Task details: Where a line below includes the word "assms", copy that line.

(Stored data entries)

▶

(* Let $\Gamma=(K_n,\sigma)$ be a signed complete graph and let $\{X_1,\ldots,X_p,X_{p+1},\ldots,X_{p+q}\}$ be a partition of $V(\Gamma)$ into nonempty sets with $|X_i|=n_i$, such that: for every $i\ne j$ all edges between $X_i$ and $X_j$ have the same sign $\epsilon_{ij}\in\{+1,-1\}$; all edges inside $X_i$ are positive for $i=1,\ldots,p$; and all edges inside $X_i$ are negative for $i=p+1,\ldots,p+q$. Let $B=(b_{ij})$ be the $(p+q)\times(p+q)$ quotient matrix, i.e. $b_{ij}$ is the (constant) row sum of the submatrix of $A(\Gamma)$ with rows indexed by $X_i$ and columns by $X_j$ (so $b_{ii}=n_i-1$ for $i\le p$, $b_{ii}=-(n_i-1)$ for $i>p$, and $b_{ij}=\epsilon_{ij}n_j$ for $i\neq j$). If $m_1=\sum_{i=1}^p n_i$ and $m_2=\sum_{i=p+1}^{p+q}n_i$, then $$\varphi(\Gamma,\lambda)=(\lambda+1)^{m_1-p}(\lambda-1)^{m_2-q}\varphi(B,\lambda).$$
   Context: A signed complete graph $(K_n,\sigma)$ assigns a sign $\pm$ to each edge of $K_n$; its adjacency matrix $A(\Gamma)$ has off-diagonal entries $\sigma(v_iv_j)\in\{1,-1\}$ and zero diagonal. $\varphi(M,\lambda)=\det(\lambda I-M)$ denotes the characteristic polynomial of a matrix $M$, and $\varphi(\Gamma,\lambda)=\varphi(A(\Gamma),\lambda)$. *)

theory Defs
  imports "Jordan_Normal_Form.Char_Poly"
begin

definition signed_complete_adj :: "nat \<Rightarrow> real mat \<Rightarrow> bool" where
  "signed_complete_adj n A \<longleftrightarrow> A \<in> carrier_mat n n \<and>
     (\<forall>i<n. A $$ (i,i) = 0) \<and>
     (\<forall>i<n. \<forall>j<n. i \<noteq> j \<longrightarrow> (A $$ (i,j) = 1 \<or> A $$ (i,j) = -1) \<and> A $$ (i,j) = A $$ (j,i))"

definition cell :: "nat \<Rightarrow> (nat \<Rightarrow> nat) \<Rightarrow> nat \<Rightarrow> nat set" where
  "cell n part i = {v. v < n \<and> part v = i}"

text \<open>Quotient matrix: entry (i,j) is the row sum of the block X_i x X_j,
  taken at a (any) representative row u of X_i.\<close>
definition quotient_matrix :: "real mat \<Rightarrow> (nat \<Rightarrow> nat) \<Rightarrow> nat \<Rightarrow> real mat" where
  "quotient_matrix A part k = mat k k (\<lambda>(i,j).
     (\<Sum>v\<in>cell (dim_row A) part j. A $$ (SOME u. u \<in> cell (dim_row A) part i, v)))"

end

theory Submission
  imports Defs
begin

(* Let S be the n x k indicator matrix of the partition.  If A agrees with c (part u) (part v)
   off the diagonal and has diagonal entries c i i - d i on X_i, then \<lambda>I - A = \<Lambda> - S Y with
   \<Lambda> = diag (\<lambda> + d (part u)) and Y = C S^T, while the quotient matrix B satisfies
   \<lambda>I - B = D - Y S with D = diag (\<lambda> + d i).  Since \<Lambda> S = S D, Sylvester's identity
   det (I - S Y') = det (I - Y' S) for Y' = D^-1 Y gives
   det (\<lambda>I - A) det D = det \<Lambda> det (\<lambda>I - B) whenever D is invertible, hence as polynomials.
   Cancelling det D leaves the factor prod_i (\<lambda> + d i)^(n_i - 1); for a signed complete graph
   d i is 1 on the positive cells and -1 on the negative ones. *)

lemma det_one_minus_mult_commute:
  fixes S :: "'a :: idom mat"
  assumes S: "S \<in> carrier_mat n k" and Y: "Y \<in> carrier_mat k n"
  shows "det (1\<^sub>m n - S * Y) = det (1\<^sub>m k - Y * S)"
proof -
  define M where "M = four_block_mat (1\<^sub>m n) S Y (1\<^sub>m k)"
  define E where "E = four_block_mat (1\<^sub>m n) (0\<^sub>m n k) (- Y) (1\<^sub>m k)"
  have M: "M \<in> carrier_mat (n + k) (n + k)" and E: "E \<in> carrier_mat (n + k) (n + k)"
    using S Y by (auto simp: M_def E_def)
  have det_E: "det E = 1"
    unfolding E_def using Y by (subst det_four_block_mat_upper_right_zero[of _ n _ k]) auto
  have ME: "M * E = four_block_mat (1\<^sub>m n - S * Y) S (0\<^sub>m k n) (1\<^sub>m k)"
    unfolding M_def E_def using S Y by (subst mult_four_block_mat[of _ n n _ k _ k]) auto
  have EM: "E * M = four_block_mat (1\<^sub>m n) S (0\<^sub>m k n) (1\<^sub>m k - Y * S)"
    unfolding M_def E_def using S Y by (subst mult_four_block_mat[of _ n n _ k _ k]) auto
  have "det (1\<^sub>m n - S * Y) = det (M * E)"
    unfolding ME using S Y by (subst det_four_block_mat_lower_left_zero[of _ n _ k]) auto
  also have "\<dots> = det (E * M)"
    using det_mult[OF M E] det_mult[OF E M] by simp
  also have "\<dots> = det (1\<^sub>m k - Y * S)"
    unfolding EM using S Y by (subst det_four_block_mat_lower_left_zero[of _ n _ k]) auto
  finally show ?thesis .
qed

lemma det_mat_diag: "det (mat_diag n f) = (\<Prod>i<n. f i)"
  by (subst det_upper_triangular[of _ n])
    (auto simp: upper_triangular_def mat_diag_def prod_list_diag_prod lessThan_atLeast0)

lemma det_mat_diag_minus_mult:
  fixes S :: "'a :: field mat"
  assumes S: "S \<in> carrier_mat n k" and Y: "Y \<in> carrier_mat k n"
    and e_nonzero: "\<forall>i<k. e i \<noteq> 0"
    and intertwine: "mat_diag n f * S = S * mat_diag k e"
  shows "det (mat_diag n f - S * Y) * (\<Prod>i<k. e i) = (\<Prod>u<n. f u) * det (mat_diag k e - Y * S)"
proof -
  define Y' where "Y' = mat_diag k (\<lambda>i. inverse (e i)) * Y"
  have Y': "Y' \<in> carrier_mat k n" unfolding Y'_def by (rule mult_carrier_mat[OF mat_diag_dim Y])
  have e_Y': "mat_diag k e * Y' = Y"
  proof -
    have "mat_diag k e * mat_diag k (\<lambda>i. inverse (e i)) = mat_diag k (\<lambda>i. e i * inverse (e i))"
      by (rule mat_diag_diag)
    also have "\<dots> = 1\<^sub>m k"
      using e_nonzero by (intro eq_matI) (auto simp: mat_diag_def)
    finally have "mat_diag k e * mat_diag k (\<lambda>i. inverse (e i)) = 1\<^sub>m k" .
    then show ?thesis
      unfolding Y'_def using Y by (simp flip: assoc_mult_mat[of _ k k _ k])
  qed
  have "mat_diag n f * (S * Y') = (mat_diag n f * S) * Y'"
    by (rule assoc_mult_mat[OF mat_diag_dim S Y', symmetric])
  also have "\<dots> = S * (mat_diag k e * Y')"
    unfolding intertwine by (rule assoc_mult_mat[OF S mat_diag_dim Y'])
  finally have "mat_diag n f * (S * Y') = S * Y"
    unfolding e_Y' .
  then have "mat_diag n f - S * Y = mat_diag n f * (1\<^sub>m n - S * Y')"
    by (simp add: mult_minus_distrib_mat[OF mat_diag_dim one_carrier_mat mult_carrier_mat[OF S Y']]
        right_mult_one_mat[OF mat_diag_dim])
  then have "det (mat_diag n f - S * Y) = (\<Prod>u<n. f u) * det (1\<^sub>m n - S * Y')"
    using det_mult[OF mat_diag_dim minus_carrier_mat[OF mult_carrier_mat[OF S Y']]]
    by (simp add: det_mat_diag)
  moreover have "mat_diag k e - Y * S = mat_diag k e * (1\<^sub>m k - Y' * S)"
    by (simp add: mult_minus_distrib_mat[OF mat_diag_dim one_carrier_mat mult_carrier_mat[OF Y' S]]
        right_mult_one_mat[OF mat_diag_dim] e_Y' flip: assoc_mult_mat[OF mat_diag_dim Y' S])
  then have "det (mat_diag k e - Y * S) = (\<Prod>i<k. e i) * det (1\<^sub>m k - Y' * S)"
    using det_mult[OF mat_diag_dim minus_carrier_mat[OF mult_carrier_mat[OF Y' S]]]
    by (simp add: det_mat_diag)
  ultimately show ?thesis
    using det_one_minus_mult_commute[OF S Y'] by simp
qed
lemma conj_grp_set_stabilizer:
  assumes \<tau>: "\<tau> permutes \<Omega>"
  shows "conj_grp \<tau> {\<sigma>. \<sigma> permutes \<Omega> \<and> (\<forall>i<d. \<sigma> ` A i = A i)}
       = {\<sigma>. \<sigma> permutes \<Omega> \<and> (\<forall>i<d. \<sigma> ` \<tau> ` A i = \<tau> ` A i)}"
proof -
  have inv_\<tau>: "inv \<tau> \<circ> \<tau> = id" "\<tau> \<circ> inv \<tau> = id"
    using permutes_inv_o[OF \<tau>] by auto
  have conj_image: "(\<tau> \<circ> \<sigma> \<circ> inv \<tau>) ` \<tau> ` X = \<tau> ` \<sigma> ` X" for \<sigma> X
    by (simp only: image_comp[symmetric] image_inv_f_f[OF permutes_inj[OF \<tau>]])
  show ?thesis
  proof (intro set_eqI iffI)
    fix \<rho> assume "\<rho> \<in> conj_grp \<tau> {\<sigma>. \<sigma> permutes \<Omega> \<and> (\<forall>i<d. \<sigma> ` A i = A i)}"
    then obtain \<sigma> where \<rho>: "\<rho> = \<tau> \<circ> \<sigma> \<circ> inv \<tau>"
      and \<sigma>: "\<sigma> permutes \<Omega>" "\<forall>i<d. \<sigma> ` A i = A i"
      by (auto simp: conj_grp_def)
    have "\<tau> \<circ> \<sigma> \<circ> inv \<tau> permutes \<Omega>"
      using \<tau> \<sigma> by (simp add: permutes_compose permutes_inv)
    moreover have "\<forall>i<d. (\<tau> \<circ> \<sigma> \<circ> inv \<tau>) ` \<tau> ` A i = \<tau> ` A i"
      using \<sigma> by (simp only: conj_image) simp
    ultimately show "\<rho> \<in> {\<sigma>. \<sigma> permutes \<Omega> \<and> (\<forall>i<d. \<sigma> ` \<tau> ` A i = \<tau> ` A i)}"
      unfolding \<rho> by blast
  next
    fix \<rho> assume \<rho>: "\<rho> \<in> {\<sigma>. \<sigma> permutes \<Omega> \<and> (\<forall>i<d. \<sigma> ` \<tau> ` A i = \<tau> ` A i)}"
    define \<sigma> where "\<sigma> = inv \<tau> \<circ> \<rho> \<circ> \<tau>"
    have "\<rho> = \<tau> \<circ> \<sigma> \<circ> inv \<tau>"
      by (simp add: \<sigma>_def comp_assoc inv_\<tau>) (simp flip: comp_assoc add: inv_\<tau>)
    moreover have "\<sigma> permutes \<Omega>"
      using \<rho> \<tau> by (simp add: \<sigma>_def permutes_compose permutes_inv)
    moreover have "\<forall>i<d. \<sigma> ` A i = A i"
      using \<rho> by (simp only: \<sigma>_def image_comp[symmetric]) (simp add: image_inv_f_f permutes_inj[OF \<tau>])
    ultimately show "\<rho> \<in> conj_grp \<tau> {\<sigma>. \<sigma> permutes \<Omega> \<and> (\<forall>i<d. \<sigma> ` A i = A i)}"
      by (auto simp: conj_grp_def)
  qed
qed

definition extensions :: "'a set \<Rightarrow> 'a set \<Rightarrow> nat \<Rightarrow> 'a set set" where
  "extensions \<Omega> C k = {Y. Y - \<Omega> = C \<and> card (Y \<inter> \<Omega>) = k}"

lemma extensions_eq_image:
  assumes "C \<inter> \<Omega> = {}"
  shows "extensions \<Omega> C k = (\<lambda>X. C \<union> X) ` {X. X \<subseteq> \<Omega> \<and> card X = k}"
proof (intro set_eqI iffI)
  fix Y assume "Y \<in> extensions \<Omega> C k"
  then have "Y = C \<union> (Y \<inter> \<Omega>)" "card (Y \<inter> \<Omega>) = k"
    by (auto simp: extensions_def)
  then show "Y \<in> (\<lambda>X. C \<union> X) ` {X. X \<subseteq> \<Omega> \<and> card X = k}" by blast
next
  fix Y assume "Y \<in> (\<lambda>X. C \<union> X) ` {X. X \<subseteq> \<Omega> \<and> card X = k}"
  then obtain X where "Y = C \<union> X" "X \<subseteq> \<Omega>" "card X = k" by blast
  moreover have "(C \<union> X) \<inter> \<Omega> = X" "C \<union> X - \<Omega> = C"
    using assms \<open>X \<subseteq> \<Omega>\<close> by auto
  ultimately show "Y \<in> extensions \<Omega> C k" by (simp add: extensions_def)
qed

lemma card_extensions:
  assumes "finite \<Omega>" "C \<inter> \<Omega> = {}"
  shows "card (extensions \<Omega> C k) = card \<Omega> choose k"
proof -
  have "inj_on (\<lambda>X. C \<union> X) {X. X \<subseteq> \<Omega> \<and> card X = k}"
    using assms(2) by (intro inj_onI) blast
  then show ?thesis
    using assms by (simp add: extensions_eq_image card_image n_subsets)
qed

lemma finite_extensions:
  assumes "finite \<Omega>"
  shows "finite (extensions \<Omega> C k)"
proof -
  have "Y = C \<union> (Y \<inter> \<Omega>)" if "Y \<in> extensions \<Omega> C k" for Y
    using that by (auto simp: extensions_def)
  then have "extensions \<Omega> C k \<subseteq> (\<lambda>X. C \<union> X) ` Pow \<Omega>"
    by blast
  then show ?thesis
    using assms finite_subset by blast
qed

locale block_partition =
  fixes \<Omega> :: "'a set" and d :: nat and B :: "nat \<Rightarrow> 'a set"
  assumes finite_\<Omega>: "finite \<Omega>"
    and disjoint_blocks: "disjoint_family_on B {..<d}"
    and UN_blocks: "(\<Union>i<d. B i) = \<Omega>"
begin

definition block_stabilizer :: "('a \<Rightarrow> 'a) set" where
  "block_stabilizer = {\<sigma>. \<sigma> permutes \<Omega> \<and> (\<forall>i<d. \<sigma> ` B i = B i)}"

definition profile :: "'a set \<Rightarrow> nat list" where
  "profile X = map (\<lambda>i. card (X \<inter> B i)) [0..<d]"

definition profile_class :: "'a set \<Rightarrow> nat list \<Rightarrow> 'a set set" where
  "profile_class C ks = {Y. Y - \<Omega> = C \<and> profile Y = ks}"

definition admissible_profiles :: "nat \<Rightarrow> nat list set" where
  "admissible_profiles k = {ks. length ks = d \<and> sum_list ks = k \<and> (\<forall>i<d. ks ! i \<le> card (B i))}"

definition class_size :: "nat list \<Rightarrow> nat" where
  "class_size ks = (\<Prod>i<d. card (B i) choose ks ! i)"

lemma block_subset: "i < d \<Longrightarrow> B i \<subseteq> \<Omega>"
  using UN_blocks by blast

lemma finite_block: "i < d \<Longrightarrow> finite (B i)"
  using block_subset finite_\<Omega> finite_subset by blast

lemma Diff_Un_Int_blocks: "X = (X - \<Omega>) \<union> (\<Union>i<d. X \<inter> B i)"
  using UN_blocks by blast

lemma length_profile [simp]: "length (profile X) = d"
  by (simp add: profile_def)

lemma profile_eq_conv:
  "profile Y = ks \<longleftrightarrow> length ks = d \<and> (\<forall>i<d. card (Y \<inter> B i) = ks ! i)"
  by (auto simp: profile_def list_eq_iff_nth_eq)

lemma nth_profile [simp]: "i < d \<Longrightarrow> profile X ! i = card (X \<inter> B i)"
  by (simp add: profile_def)

lemma sum_list_profile: "sum_list (profile X) = card (X \<inter> \<Omega>)"
proof -
  have "sum_list (profile X) = (\<Sum>i<d. card (X \<inter> B i))"
    by (simp add: profile_def atLeast0LessThan flip: sum_set_upt_conv_sum_list_nat)
  also have "\<dots> = card (\<Union>i<d. X \<inter> B i)"
    using disjoint_blocks finite_block
    by (intro card_UN_disjoint' [symmetric]) (auto simp: disjoint_family_on_def)
  also have "(\<Union>i<d. X \<inter> B i) = X \<inter> \<Omega>"
    using UN_blocks by blast
  finally show ?thesis .
qed

lemma stabilizer_image_eq_iff:
  "(\<exists>\<sigma>\<in>block_stabilizer. \<sigma> ` X = Y) \<longleftrightarrow> Y - \<Omega> = X - \<Omega> \<and> profile Y = profile X"
proof
  assume "\<exists>\<sigma>\<in>block_stabilizer. \<sigma> ` X = Y"
  then obtain \<sigma> where Y: "Y = \<sigma> ` X" and \<sigma>: "\<sigma> permutes \<Omega>" "\<forall>i<d. \<sigma> ` B i = B i"
    by (auto simp: block_stabilizer_def)
  have inj: "inj \<sigma>"
    using \<sigma>(1) by (rule permutes_inj)
  have "\<sigma> ` X - \<Omega> = \<sigma> ` (X - \<Omega>)"
    using \<sigma>(1) by (simp add: image_set_diff[OF inj] permutes_image)
  also have "\<dots> = X - \<Omega>"
    using \<sigma>(1) by (auto simp: permutes_not_in)
  finally have "Y - \<Omega> = X - \<Omega>"
    using Y by simp
  moreover have "card (Y \<inter> B i) = card (X \<inter> B i)" if "i < d" for i
  proof -
    have "Y \<inter> B i = \<sigma> ` (X \<inter> B i)"
      using \<sigma>(2) that by (simp add: Y image_Int[OF inj])
    then show ?thesis
      using inj by (simp add: card_image inj_on_subset)
  qed
  ultimately show "Y - \<Omega> = X - \<Omega> \<and> profile Y = profile X"
    by (simp add: profile_eq_conv)
next
  assume "Y - \<Omega> = X - \<Omega> \<and> profile Y = profile X"
  then have outside: "Y - \<Omega> = X - \<Omega>" and cards: "\<And>i. i < d \<Longrightarrow> card (X \<inter> B i) = card (Y \<inter> B i)"
    by (auto simp: profile_eq_conv)
  have "\<forall>i\<in>{..<d}. \<exists>p. p permutes B i \<and> p ` (X \<inter> B i) = Y \<inter> B i"
    using obtain_permutes_image_eq[OF finite_block _ _ cards] by blast
  then obtain p where p: "\<And>i. i < d \<Longrightarrow> p i permutes B i \<and> p i ` (X \<inter> B i) = Y \<inter> B i"
    by (metis lessThan_iff)
  obtain \<sigma> where \<sigma>: "\<sigma> permutes \<Omega>" and \<sigma>_eq: "\<And>i x. i < d \<Longrightarrow> x \<in> B i \<Longrightarrow> \<sigma> x = p i x"
    using permutes_UNION_disjoint[OF disjoint_blocks, of p] p UN_blocks by auto
  have \<sigma>_on_block: "\<sigma> ` Z = p i ` Z" if "i < d" "Z \<subseteq> B i" for i Z
    using \<sigma>_eq that by (intro image_cong) auto
  have "\<sigma> \<in> block_stabilizer"
    using \<sigma> p by (simp add: block_stabilizer_def \<sigma>_on_block permutes_image)
  moreover have "\<sigma> ` X = Y"
  proof -
    have "\<sigma> ` X = \<sigma> ` (X - \<Omega>) \<union> (\<Union>i<d. \<sigma> ` (X \<inter> B i))"
      using arg_cong[OF Diff_Un_Int_blocks[of X], of "image \<sigma>"] by (simp only: image_Un image_UN)
    also have "\<dots> = (Y - \<Omega>) \<union> (\<Union>i<d. Y \<inter> B i)"
      using \<sigma> p outside by (auto simp: \<sigma>_on_block permutes_not_in)
    also have "\<dots> = Y"
      by (rule Diff_Un_Int_blocks [symmetric])
    finally show ?thesis .
  qed
  ultimately show "\<exists>\<sigma>\<in>block_stabilizer. \<sigma> ` X = Y" by blast
qed

lemma Un_UN_Int_block:
  assumes "C \<inter> \<Omega> = {}" "\<And>j. j < d \<Longrightarrow> F j \<subseteq> B j" "i < d"
  shows "(C \<union> (\<Union>j<d. F j)) \<inter> B i = F i"
proof (intro equalityI subsetI)
  fix x assume x: "x \<in> (C \<union> (\<Union>j<d. F j)) \<inter> B i"
  then have "x \<notin> C"
    using assms(1,3) block_subset by blast
  then obtain j where "j < d" "x \<in> F j"
    using x by blast
  moreover have "j = i"
    using disjoint_blocks assms(2,3) x \<open>j < d\<close> \<open>x \<in> F j\<close>
    unfolding disjoint_family_on_def by blast
  ultimately show "x \<in> F i" by simp
qed (use assms(2,3) in blast)+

◀

Result:
    using assms \<open>X \<subseteq> \<Omega>\<close> by auto
    using assms(2) by (intro inj_onI) blast
    using assms by (simp add: extensions_eq_image card_image n_subsets)
    using assms finite_subset by blast
    using assms(1,3) block_subset by blast
    using disjoint_blocks assms(2,3) x \<open>j < d\<close> \<open>x \<in> F j\<close>
qed (use assms(2,3) in blast)+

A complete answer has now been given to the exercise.